9. Post processing

This is simply a very basic introduction to some of the more widely used useful tools for viewing, checking, and converting UM input and output data. The tools described below all run on the ARCHER2 login nodes.

9.1. xconv

View data

On ARCHER2 go to the output directory of the global job that you ran previously (the one copied from u-cc654). Run xconv on the file ending with, for example, da19880901_04. This file is an atmosphere start file - this type of file is used to restart the model from the time specified in the file header data.

In the directory above is a file whose name ends in .astart; run a second instance of xconv on this file. This is the file used by the model to start its run - created by the reconfiguration program in this case.

The xconv window lists the fields in the file, the dimensions of those fields (upper left panel), the coordinates of the grid underlying the data, the time(s) of the data (upper right panel), some information about the type of file (lower left panel), and general data about the field (lower right panel.)

Both files have the same fields.
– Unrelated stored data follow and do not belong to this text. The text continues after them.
(* Let $\vec p=(p_1,\dots,p_n)$, $\vec s=(s_1,\dots,s_n)$ with $1\le p_i,s_i\le\infty$, and $1\le\alpha\le\infty$. The space $(L^{\vec p},L^{\vec s})^{\alpha}(\mathbb R^n)$ is nontrivial (i.e. contains a function that is not almost everywhere zero) if and only if $$\frac1n\sum_{i=1}^n\frac1{s_i}\le\frac1\alpha\le\frac1n\sum_{i=1}^n\frac1{p_i}.$$
   Context: For $\vec p=(p_1,\dots,p_n)$ with $1\le p_i\le\infty$, the mixed-norm Lebesgue space $L^{\vec p}(\mathbb R^n)$ consists of measurable $f$ with $\|f\|_{L^{\vec p}}=\Big(\int_{\mathbb R}\cdots\Big(\int_{\mathbb R}|f(x)|^{p_1}\,dx_1\Big)^{p_2/p_1}\cdots dx_n\Big)^{1/p_n}<\infty$ (usual modification when some $p_i=\infty$). $B(y,r)$ denotes the open ball of center $y$ and radius $r$, $|B|$ its Lebesgue measure, $\chi_E$ the characteristic function of $E$. The space $(L^{\vec p},L^{\vec s})^{\alpha}(\mathbb R^n)$ is the set of $f\in L^1_{loc}(\mathbb R^n)$ with $$\|f\|_{(L^{\vec p},L^{\vec s})^{\alpha}}:=\sup_{r>0}\Big\|\,y\mapsto |B(y,r)|^{\frac1\alpha-\frac1n\sum_{i=1}^n\frac1{p_i}-\frac1n\sum_{i=1}^n\frac1{s_i}}\,\|f\chi_{B(y,r)}\|_{L^{\vec p}}\Big\|_{L^{\vec s}}<\infty,$$ where the outer $L^{\vec s}$-norm is taken in the variable $y$. *)

theory Defs
  imports "HOL-Analysis.Analysis"
begin

text \<open>Points of R^n are represented as functions nat => real that are extensional
  outside {..<n} (the carrier of the product measure), coordinate x_{i+1} being x i.\<close>

definition Rn :: "nat \<Rightarrow> (nat \<Rightarrow> real) measure" where
  "Rn n = PiM {..<n} (\<lambda>_. lborel)"

definition Rball :: "nat \<Rightarrow> (nat \<Rightarrow> real) \<Rightarrow> real \<Rightarrow> (nat \<Rightarrow> real) set" where
  "Rball n y r = {x \<in> space (Rn n). sqrt (\<Sum>i<n. (x i - y i)^2) < r}"

definition enn_powr :: "ennreal \<Rightarrow> real \<Rightarrow> ennreal" where
  "enn_powr x r = (if x = top then top else ennreal (enn2real x powr r))"

definition Lp1 :: "ereal \<Rightarrow> (real \<Rightarrow> ennreal) \<Rightarrow> ennreal" where
  "Lp1 p g = (if p = \<infinity> then Inf {c. AE t in lborel. g t \<le> c}
              else enn_powr (\<integral>\<^sup>+ t. enn_powr (g t) (real_of_ereal p) \<partial>lborel)
                            (1 / real_of_ereal p))"

fun mixnorm_aux :: "nat \<Rightarrow> ereal list \<Rightarrow> ((nat \<Rightarrow> real) \<Rightarrow> ennreal) \<Rightarrow> (nat \<Rightarrow> real) \<Rightarrow> ennreal" where
  "mixnorm_aux k [] f = f"
| "mixnorm_aux k (p # ps) f = mixnorm_aux (Suc k) ps (\<lambda>x. Lp1 p (\<lambda>t. f (x(k := t))))"

text \<open>Mixed norm ||f||_{L^ps} on R^n, n = length ps; innermost integral over x_1.\<close>
definition mixnorm_enn :: "ereal list \<Rightarrow> ((nat \<Rightarrow> real) \<Rightarrow> ennreal) \<Rightarrow> ennreal" where
  "mixnorm_enn ps g = mixnorm_aux 0 ps g (\<lambda>_. undefined)"

definition mixnorm :: "ereal list \<Rightarrow> ((nat \<Rightarrow> real) \<Rightarrow> real) \<Rightarrow> ennreal" where
  "mixnorm ps f = mixnorm_enn ps (\<lambda>x. ennreal \<bar>f x\<bar>)"

definition inv_exp :: "ereal \<Rightarrow> real" where
  "inv_exp p = (if p = \<infinity> then 0 else 1 / real_of_ereal p)"

definition L1loc :: "nat \<Rightarrow> ((nat \<Rightarrow> real) \<Rightarrow> real) set" where
  "L1loc n = {f. f \<in> borel_measurable (Rn n) \<and>
      (\<forall>y\<in>space (Rn n). \<forall>r>0. set_integrable (Rn n) (Rball n y r) f)}"

definition amalgam_norm :: "ereal list \<Rightarrow> ereal list \<Rightarrow> ereal \<Rightarrow> ((nat \<Rightarrow> real) \<Rightarrow> real) \<Rightarrow> ennreal" where
  "amalgam_norm ps ss \<alpha> f =
     (let n = length ps;
          e = inv_exp \<alpha> - (\<Sum>p\<leftarrow>ps. inv_exp p) / real n - (\<Sum>s\<leftarrow>ss. inv_exp s) / real n
      in SUP r\<in>{0<..}. mixnorm_enn ss (\<lambda>y. ennreal (measure (Rn n) (Rball n y r) powr e)
                                        * (mixnorm ps (\<lambda>x. indicator (Rball n y r) x * f x))))"

definition amalgam_space :: "ereal list \<Rightarrow> ereal list \<Rightarrow> ereal \<Rightarrow> ((nat \<Rightarrow> real) \<Rightarrow> real) set" where
  "amalgam_space ps ss \<alpha> = {f \<in> L1loc (length ps). amalgam_norm ps ss \<alpha> f < \<infinity>}"

end

theory Submission
  imports Defs "HOL-Real_Asymp.Real_Asymp"
begin

text \<open>
  For a fixed radius r the amalgam quantity of f is the mixed s-norm in y of
  |B(y,r)|^e times the mixed p-norm of f on B(y,r), where n e = n/\<alpha> - P - S
  with P = \<Sum>1/p_i and S = \<Sum>1/s_i.

  Sufficiency: for the indicator of the unit cube the inner norm is at most
  min(1, (2r)^P) and vanishes unless y lies in a cube of side 1 + 2r, so the
  quantity is O(r^(n e) min(1, r^P) (1 + r)^S), which stays bounded exactly
  when S \<le> n/\<alpha> \<le> P.

  Necessity: Hoelder's inequality on cubes reverses these estimates. Let a cube
  C carry positive mass of |f|. For large r every ball B(y,r) with y in a cube
  of side r/n contains C, which bounds the quantity below by a multiple of
  r^(n/\<alpha> - P). For small r, Fubini gives that the integral over y of the
  mass of |f| in B(y,r) is at least (r/n)^n times the mass of |f| in C, and
  Hoelder's inequality in both variables bounds the quantity below by a
  multiple of r^(n/\<alpha> - S).
\<close>

lemma enn_powr_ennreal: "0 \<le> x \<Longrightarrow> enn_powr (ennreal x) r = ennreal (x powr r)"
  by (simp add: enn_powr_def)

lemma enn_powr_1 [simp]: "enn_powr x 1 = x"
  by (cases x) (auto simp: enn_powr_def)

lemma enn_powr_top [simp]: "enn_powr top r = top"
  by (simp add: enn_powr_def)

lemma enn_powr_eq_0_iff: "0 < r \<Longrightarrow> enn_powr x r = 0 \<longleftrightarrow> x = 0"
  by (cases x) (auto simp: enn_powr_def)

lemma enn_powr_less_top: "x < top \<Longrightarrow> enn_powr x r < top"
  by (simp add: enn_powr_def)

lemma enn_powr_mono: "0 \<le> r \<Longrightarrow> x \<le> y \<Longrightarrow> enn_powr x r \<le> enn_powr y r"
  by (cases x; cases y) (auto simp: enn_powr_def top_unique intro!: ennreal_leI powr_mono2)

lemma enn_powr_mult:
  assumes "0 < r" and "a < top"
  shows "enn_powr (a * b) r = enn_powr a r * enn_powr b r"
proof -
  obtain x where x: "a = ennreal x" "0 \<le> x"
    using assms(2) by (cases a) auto
  show ?thesis
  proof (cases b)
    case (real y)
    then show ?thesis
      using x by (simp add: enn_powr_ennreal powr_mult flip: ennreal_mult)
  next
    case top
    then show ?thesis
      using x assms(1) by (cases "x = 0") (auto simp: enn_powr_def ennreal_mult_top)
  qed
qed

lemma enn_powr_powr_inverse: "0 < p \<Longrightarrow> enn_powr (enn_powr x p) (1 / p) = x"
  by (cases x) (auto simp: enn_powr_def powr_powr)

lemma enn_powr_indicator: "0 < r \<Longrightarrow> enn_powr (indicator A t) r = indicator A t"
  by (simp add: indicator_def enn_powr_def)

lemma measurable_enn_powr [measurable (raw)]:
  assumes [measurable]: "f \<in> borel_measurable M"
  shows "(\<lambda>x. enn_powr (f x) r) \<in> borel_measurable M"
  unfolding enn_powr_def by measurable

lemma nn_integral_measurable_minorant:
  fixes f :: "'a \<Rightarrow> ennreal"
  obtains h where "h \<in> borel_measurable M" "\<And>x. h x \<le> f x" "integral\<^sup>N M h = integral\<^sup>N M f"
proof -
  let ?A = "{g. simple_function M g \<and> g \<le> f}"
  have "(\<lambda>_. 0) \<in> ?A"
    by (auto simp: le_fun_def)
  then obtain F :: "nat \<Rightarrow> ennreal"
    where F: "range F \<subseteq> integral\<^sup>S M ` ?A" "Sup (integral\<^sup>S M ` ?A) = Sup (range F)"
    using ennreal_SUP_countable_SUP[of "?A" "integral\<^sup>S M"] by blast
  have "\<forall>i. \<exists>g. g \<in> ?A \<and> F i = integral\<^sup>S M g"
    using F(1) by blast
  then obtain g where g: "\<And>i. g i \<in> ?A" "\<And>i. F i = integral\<^sup>S M (g i)"
    by metis
  define h where "h x = (SUP i. g i x)" for x
  have h_meas: "h \<in> borel_measurable M"
    unfolding h_def using g(1)
    by (intro borel_measurable_SUP) (auto intro: borel_measurable_simple_function)
  have h_le: "h x \<le> f x" for x
    using g(1) unfolding h_def by (auto simp: le_fun_def intro!: SUP_least)
  have "integral\<^sup>N M f = (SUP i. integral\<^sup>S M (g i))"
    using F(2) g(2) by (simp add: nn_integral_def)
  also have "\<dots> = (SUP i. integral\<^sup>N M (g i))"
    using g(1) by (simp add: nn_integral_eq_simple_integral)
  also have "\<dots> \<le> integral\<^sup>N M h"
    by (intro SUP_least nn_integral_mono) (auto simp: h_def intro: SUP_upper)
  finally have "integral\<^sup>N M f \<le> integral\<^sup>N M h" .
  moreover have "integral\<^sup>N M h \<le> integral\<^sup>N M f"
    using h_le by (intro nn_integral_mono)
  ultimately show ?thesis
    using that h_meas h_le by (metis antisym)
qed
Double click on a field to reveal its coordinate data. Check the time for this field (select the “t” checkbox in the upper right panel).

Plot both sets of data - click the Plot Data button.

View the data - this shows numerical data values and their coordinates and can be helpful for finding spurious data values.

Convert UM fields data to netCDF

Select a single-level field (one for which nz=1), choose Output format to be Netcdf, enter an “Output file name”, and select Convert. Information relevant to the file conversion will appear in the lower left panel.

Use xconv to view the netcdf file just created.

9.2. uminfo

You can view the header information for the fields in a UM file by using the utility uminfo - redirect the output to a file or pipe it to less:

archer2$ uminfo <one-of-your-fields-files> | less

The output from this command is best viewed in conjunction with the Unified Model Documentation Paper F3 which explains in depth the various header fields.

9.3. Mule

Mule consists of a Python API for reading and writing UM files and a set of UM utilities. This section introduces you to some of the most useful UM utilities. Full details of Mule can be found on the MOSRS: https://code.metoffice.gov.uk/doc/um/index.html

Before running the mule commands you will need to load the python environment on ARCHER2 by running:

archer2$ module load cray-python

mule-pumf

This provides another way of seeing header information, but also gives some information about the fields themselves. Its intended use is to aid in quick inspections of files for diagnostic purposes.

Run mule-pumf on the start file - here’s a couple of examples on one of Ros’ files:

archer2$ mule-pumf --print-columns 2 --headers-only \\
                       cc654.astart > ~/mule-pumf-header.out

archer2$ mule-pumf --print-columns 2 cc654.astart > ~/mule-pumf.out
  • Can you see what the difference is in the output of these 2 commands?

Take a look at the man page (mule-pumf -h) and experiment with some of the other options

mule-summary

This utility is used to print out a summary of the lookup headers which describe the fields from a UM file. Its intended use is to aid in quick inspections of files for diagnostic purposes.

Run mule-summary on the start file again.

mule-cumf

This utility is used to compare two UM files and report on any differences found in either the headers or field data. Its intended use is to test results from different UM runs against each other to investigate possible changes. Note, differences in header information can arise even when field data is identical. Try out the following:

  • Run mule-cumf on the two start files referred to above (in the “View data” section). You may wish to direct the output to a file.

  • Run the same command but with the --summary option. This, as the name suggests, prints a much shorter report of the differences.

  • Run mule-cumf on a file and itself.

  • View the help page with mule-cumf -h to find view all the available options.

9.4. um-convpp

We have mentioned in the presentations the PP file format - this is a sequential format (a fields file is random access) still much used in the community. PP data is stored as 32-bit, which provides a significant saving of space, but means that a conversion step is required from a fields file (64-bit). The utility to do this is called um-convpp. um-convpp converts directly from 64-bit files produced by the UM to 32-bit PP files. You must, however, make sure you are using a version 10.4 or greater - you can check that you are using the right one by typing which um-convpp.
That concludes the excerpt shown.